(* Let $n>4$ be an integer. The tournament $U_n$ has exactly two sparse orderings. Specifically, if $n$ is even, these are $\Pi(U_n)=\langle v_1,P(2),P(4),\dots,P(n-2),v_n\rangle$ and $\Pi_{1,n}(U_n)=\langle P(1),P(3),\dots,P(n-1)\rangle$; if $n$ is odd, these are $\Pi_1(U_n)=\langle P(1),P(3),\dots,P(n-2),v_n\rangle$ and $\Pi_n(U_n)=\langle v_1,P(2),P(4),\dots,P(n-3),P(n-1)\rangle$, where for $k\in[n-1]$, $P(k)$ denotes the two consecutive vertices $\langle v_{k+1},v_k\rangle$ (written in this order) and concatenation of such blocks gives the ordering.
   Context: For $n\ge1$, $U_n$ is the tournament with vertex set $\{v_1,\dots,v_n\}$ and arc set $\{(v_{i+1},v_i): i\in[n-1]\}\cup\{(v_i,v_j): 1\le i<n,\ i+1<j\le n\}$. For an ordering $\sigma$ of the vertices, an arc $(x,y)$ is backward if $y$ comes before $x$ in $\sigma$. An ordering is sparse if every vertex is incident to at most one backward arc. *)

theory Defs
  imports Main
begin

text \<open>Vertex v_i of U_n is represented by the natural number i, so the vertex set is {1..n}.
  A digraph is given by its arc relation A (A x y means (x,y) is an arc).\<close>

definition U_arc :: "nat \<Rightarrow> nat \<Rightarrow> nat \<Rightarrow> bool" where
  "U_arc n x y \<longleftrightarrow>
     (\<exists>i. 1 \<le> i \<and> i \<le> n - 1 \<and> x = i + 1 \<and> y = i) \<or>
     (\<exists>i j. 1 \<le> i \<and> i < n \<and> i + 1 < j \<and> j \<le> n \<and> x = i \<and> y = j)"

definition is_ordering :: "'a set \<Rightarrow> 'a list \<Rightarrow> bool" where
  "is_ordering V \<sigma> \<longleftrightarrow> distinct \<sigma> \<and> set \<sigma> = V"

definition comes_before :: "'a list \<Rightarrow> 'a \<Rightarrow> 'a \<Rightarrow> bool" where
  "comes_before \<sigma> a b \<longleftrightarrow> (\<exists>i j. i < j \<and> j < length \<sigma> \<and> \<sigma> ! i = a \<and> \<sigma> ! j = b)"

definition backward_arcs :: "('a \<Rightarrow> 'a \<Rightarrow> bool) \<Rightarrow> 'a list \<Rightarrow> ('a \<times> 'a) set" where
  "backward_arcs A \<sigma> = {(x, y). A x y \<and> comes_before \<sigma> y x}"

definition sparse_ordering :: "'a set \<Rightarrow> ('a \<Rightarrow> 'a \<Rightarrow> bool) \<Rightarrow> 'a list \<Rightarrow> bool" where
  "sparse_ordering V A \<sigma> \<longleftrightarrow> is_ordering V \<sigma> \<and>
     (\<forall>v \<in> V. card {e \<in> backward_arcs A \<sigma>. fst e = v \<or> snd e = v} \<le> 1)"

definition P_block :: "nat \<Rightarrow> nat list" where
  "P_block k = [k + 1, k]"

definition Pi_even :: "nat \<Rightarrow> nat list" where
  "Pi_even n = [1] @ concat (map (\<lambda>i. P_block (2 * i)) [1..<n div 2]) @ [n]"

definition Pi_1n_even :: "nat \<Rightarrow> nat list" where
  "Pi_1n_even n = concat (map (\<lambda>i. P_block (2 * i + 1)) [0..<n div 2])"

definition Pi_1_odd :: "nat \<Rightarrow> nat list" where
  "Pi_1_odd n = concat (map (\<lambda>i. P_block (2 * i + 1)) [0..<n div 2]) @ [n]"

definition Pi_n_odd :: "nat \<Rightarrow> nat list" where
  "Pi_n_odd n = [1] @ concat (map (\<lambda>i. P_block (2 * i)) [1..<n div 2 + 1])"

end

theory Submission
  imports Defs
begin

text \<open>
  In a sparse ordering of U_n with n \<ge> 5 no long arc v_x v_y (y \<ge> x + 2) is backward: all
  other arcs at v_x and v_y would be forward, and two of them close a directed triangle with the
  reversed arc. Hence of two consecutive short arcs v_(i+1) v_i and v_(i+2) v_(i+1) exactly one
  is backward: not both, as they share v_(i+1), and not neither, as with the forward arc
  v_i v_(i+2) they would form a cycle. So the backward arcs are the short arcs v_(y+1) v_y with
  y of one fixed parity, and this determines the ordering: it sorts the vertices by the key
  \<^term>\<open>rank b\<close> below. Conversely, both orderings of this form are sparse.
\<close>

lemma comes_before_in_set: "comes_before \<sigma> a b \<Longrightarrow> a \<in> set \<sigma> \<and> b \<in> set \<sigma>"
  unfolding comes_before_def by auto

lemma comes_before_asym: "distinct \<sigma> \<Longrightarrow> comes_before \<sigma> a b \<Longrightarrow> \<not> comes_before \<sigma> b a"
  unfolding comes_before_def by (metis nth_eq_iff_index_eq order.strict_trans not_less_iff_gr_or_eq)

lemma comes_before_trans:
  "distinct \<sigma> \<Longrightarrow> comes_before \<sigma> a b \<Longrightarrow> comes_before \<sigma> b c \<Longrightarrow> comes_before \<sigma> a c"
  unfolding comes_before_def by (metis nth_eq_iff_index_eq order.strict_trans)

lemma comes_before_total:
  "a \<in> set \<sigma> \<Longrightarrow> b \<in> set \<sigma> \<Longrightarrow> a \<noteq> b \<Longrightarrow> comes_before \<sigma> a b \<or> comes_before \<sigma> b a"
  unfolding comes_before_def in_set_conv_nth by (metis linorder_neqE_nat)

lemma sorted_wrt_comes_before: "sorted_wrt (comes_before \<sigma>) \<sigma>"
  unfolding sorted_wrt_iff_nth_less comes_before_def by blast

lemma comes_before_sorted_key_iff:
  assumes "sorted_wrt (\<lambda>x y. f x < f y) \<tau>" "a \<in> set \<tau>" "b \<in> set \<tau>"
  shows "comes_before \<tau> a b \<longleftrightarrow> f a < (f b :: 'b :: linorder)"
proof
  assume "comes_before \<tau> a b"
  then show "f a < f b"
    unfolding comes_before_def using assms(1) sorted_wrt_nth_less by blast
next
  assume "f a < f b"
  moreover obtain i j where "i < length \<tau>" "j < length \<tau>" "\<tau> ! i = a" "\<tau> ! j = b"
    using assms(2,3) by (auto simp: in_set_conv_nth)
  ultimately show "comes_before \<tau> a b"
    unfolding comes_before_def using assms(1) sorted_wrt_nth_less
    by (metis linorder_neqE_nat order.asym)
qed

lemma sorted_wrt_key_unique:
  fixes f :: "'a \<Rightarrow> 'b :: linorder"
  assumes "sorted_wrt (\<lambda>x y. f x < f y) xs" "sorted_wrt (\<lambda>x y. f x < f y) ys" "set xs = set ys"
  shows "xs = ys"
  using assms
proof (induction xs arbitrary: ys)
  case Nil
  then show ?case by simp
next
  case (Cons x xs)
  obtain y ys' where ys: "ys = y # ys'"
    using Cons.prems(3) by (cases ys) auto
  have "x = y"
  proof (rule ccontr)
    assume "x \<noteq> y"
    then have "y \<in> set xs" "x \<in> set ys'"
      using Cons.prems(3) unfolding ys by auto
    then show False
      using Cons.prems(1,2) unfolding ys by (auto dest: order.asym)
  qed
  moreover have "x \<notin> set xs" "y \<notin> set ys'"
    using Cons.prems(1,2) unfolding ys by auto
  ultimately have "set xs = set ys'"
    using Cons.prems(3) unfolding ys by (simp add: insert_ident)
  then show ?case
    using Cons.IH Cons.prems(1,2) \<open>x = y\<close> unfolding ys by simp
qed

lemma distinct_if_sorted_wrt_key: "sorted_wrt (\<lambda>x y. f x < (f y :: 'b :: linorder)) xs \<Longrightarrow> distinct xs"
  by (induction xs) auto

lemma sparse_ordering_iff:
  "sparse_ordering V A \<sigma> \<longleftrightarrow> is_ordering V \<sigma> \<and>
     (\<forall>e\<in>backward_arcs A \<sigma>. \<forall>e'\<in>backward_arcs A \<sigma>.
        {fst e, snd e} \<inter> {fst e', snd e'} \<noteq> {} \<longrightarrow> e = e')"
proof -
  have "finite (backward_arcs A \<sigma>)"
    by (rule finite_subset[of _ "set \<sigma> \<times> set \<sigma>"])
      (auto simp: backward_arcs_def dest: comes_before_in_set)
  then have fin: "finite {e \<in> backward_arcs A \<sigma>. fst e = v \<or> snd e = v}" for v
    by simp
  have ends: "fst e \<in> set \<sigma> \<and> snd e \<in> set \<sigma>" if "e \<in> backward_arcs A \<sigma>" for e
    using that by (auto simp: backward_arcs_def dest: comes_before_in_set)
  show ?thesis
    unfolding sparse_ordering_def is_ordering_def card_le_Suc0_iff_eq[OF fin, folded One_nat_def]
    using ends by blast
qed

lemma U_arc_iff:
  "U_arc n x y \<longleftrightarrow> (x = Suc y \<and> 1 \<le> y \<and> x \<le> n) \<or> (1 \<le> x \<and> x + 2 \<le> y \<and> y \<le> n)"
  unfolding U_arc_def by (auto; presburger)

text \<open>Sorting by \<^term>\<open>rank b\<close> places every x with \<^term>\<open>odd x = b\<close> directly before x - 1, so
  that the backward arcs are exactly the v_(y+1) v_y with \<^term>\<open>odd y = b\<close>. The truncated value
  2 * 1 - 3 = 0 is harmless: v_1 comes first anyway.\<close>

definition rank :: "bool \<Rightarrow> nat \<Rightarrow> nat" where
  "rank b x = (if odd x = b then 2 * x - 3 else 2 * x)"

lemma rank_less_Suc_iff: "1 \<le> x \<Longrightarrow> rank b x < rank b (Suc x) \<longleftrightarrow> odd x = b"
  unfolding rank_def by auto

lemma rank_Suc_less_iff: "1 \<le> x \<Longrightarrow> rank b (Suc x) < rank b x \<longleftrightarrow> odd x \<noteq> b"
  unfolding rank_def by auto

lemma rank_less_if_gap: "x + 2 \<le> y \<Longrightarrow> rank b x < rank b y"
  unfolding rank_def by auto

lemma rank_less_of_less: "1 \<le> x \<Longrightarrow> x < y \<Longrightarrow> (y = Suc x \<longrightarrow> odd x = b) \<Longrightarrow> rank b x < rank b y"
  unfolding rank_def by auto

abbreviation rank_sorted :: "bool \<Rightarrow> nat list \<Rightarrow> bool" where
  "rank_sorted b \<sigma> \<equiv> sorted_wrt (\<lambda>x y. rank b x < rank b y) \<sigma>"

locale sparse_ordering_of_U =
  fixes n :: nat and \<sigma> :: "nat list"
  assumes n_ge_5: "5 \<le> n"
    and sparse: "sparse_ordering {1..n} (U_arc n) \<sigma>"
begin

abbreviation before :: "nat \<Rightarrow> nat \<Rightarrow> bool" (infix "\<prec>" 50) where
  "x \<prec> y \<equiv> comes_before \<sigma> x y"

lemma distinct: "distinct \<sigma>" and set_eq: "set \<sigma> = {1..n}"
  using sparse unfolding sparse_ordering_def is_ordering_def by auto

lemma before_asym: "x \<prec> y \<Longrightarrow> \<not> y \<prec> x"
  using comes_before_asym[OF distinct] .

lemma before_trans: "x \<prec> y \<Longrightarrow> y \<prec> z \<Longrightarrow> x \<prec> z"
  using comes_before_trans[OF distinct] .

lemma before_total: "x \<in> {1..n} \<Longrightarrow> y \<in> {1..n} \<Longrightarrow> x \<noteq> y \<Longrightarrow> x \<prec> y \<or> y \<prec> x"
  using comes_before_total[of x \<sigma> y] set_eq by simp

lemma backward_arcs_disjoint:
  assumes "U_arc n x y" "y \<prec> x" "U_arc n x' y'" "y' \<prec> x'" "{x, y} \<inter> {x', y'} \<noteq> {}"
  shows "x' = x \<and> y' = y"
proof -
  have "(x, y) \<in> backward_arcs (U_arc n) \<sigma>" "(x', y') \<in> backward_arcs (U_arc n) \<sigma>"
    using assms(1-4) by (auto simp: backward_arcs_def)
  moreover have "\<forall>e\<in>backward_arcs (U_arc n) \<sigma>. \<forall>e'\<in>backward_arcs (U_arc n) \<sigma>.
      {fst e, snd e} \<inter> {fst e', snd e'} \<noteq> {} \<longrightarrow> e = e'"
    using sparse unfolding sparse_ordering_iff by blast
  ultimately show ?thesis
    using assms(5) by fastforce
qed

lemma forward_near_backward:
  assumes "U_arc n x y" "y \<prec> x" "U_arc n a b" "{a, b} \<inter> {x, y} \<noteq> {}" "(a, b) \<noteq> (x, y)"
  shows "a \<prec> b"
proof -
  have "a \<in> {1..n}" "b \<in> {1..n}" "a \<noteq> b"
    using assms(3) by (auto simp: U_arc_iff)
  then show ?thesis
    using before_total backward_arcs_disjoint[OF assms(1,2,3)] assms(4,5) by blast
qed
○ ○ ○
AIM OF THE TASK:
Please copy exactly the lines from the first line of the records above through the line containing "list \<Rightarrow> 'a", including both, and nothing more.

RESPONSE AREA:
(* Let $n>4$ be an integer. The tournament $U_n$ has exactly two sparse orderings. Specifically, if $n$ is even, these are $\Pi(U_n)=\langle v_1,P(2),P(4),\dots,P(n-2),v_n\rangle$ and $\Pi_{1,n}(U_n)=\langle P(1),P(3),\dots,P(n-1)\rangle$; if $n$ is odd, these are $\Pi_1(U_n)=\langle P(1),P(3),\dots,P(n-2),v_n\rangle$ and $\Pi_n(U_n)=\langle v_1,P(2),P(4),\dots,P(n-3),P(n-1)\rangle$, where for $k\in[n-1]$, $P(k)$ denotes the two consecutive vertices $\langle v_{k+1},v_k\rangle$ (written in this order) and concatenation of such blocks gives the ordering.
   Context: For $n\ge1$, $U_n$ is the tournament with vertex set $\{v_1,\dots,v_n\}$ and arc set $\{(v_{i+1},v_i): i\in[n-1]\}\cup\{(v_i,v_j): 1\le i<n,\ i+1<j\le n\}$. For an ordering $\sigma$ of the vertices, an arc $(x,y)$ is backward if $y$ comes before $x$ in $\sigma$. An ordering is sparse if every vertex is incident to at most one backward arc. *)

theory Defs
  imports Main
begin

text \<open>Vertex v_i of U_n is represented by the natural number i, so the vertex set is {1..n}.
  A digraph is given by its arc relation A (A x y means (x,y) is an arc).\<close>

definition U_arc :: "nat \<Rightarrow> nat \<Rightarrow> nat \<Rightarrow> bool" where
  "U_arc n x y \<longleftrightarrow>
     (\<exists>i. 1 \<le> i \<and> i \<le> n - 1 \<and> x = i + 1 \<and> y = i) \<or>
     (\<exists>i j. 1 \<le> i \<and> i < n \<and> i + 1 < j \<and> j \<le> n \<and> x = i \<and> y = j)"

definition is_ordering :: "'a set \<Rightarrow> 'a list \<Rightarrow> bool" where
  "is_ordering V \<sigma> \<longleftrightarrow> distinct \<sigma> \<and> set \<sigma> = V"

definition comes_before :: "'a list \<Rightarrow> 'a \<Rightarrow> 'a \<Rightarrow> bool" where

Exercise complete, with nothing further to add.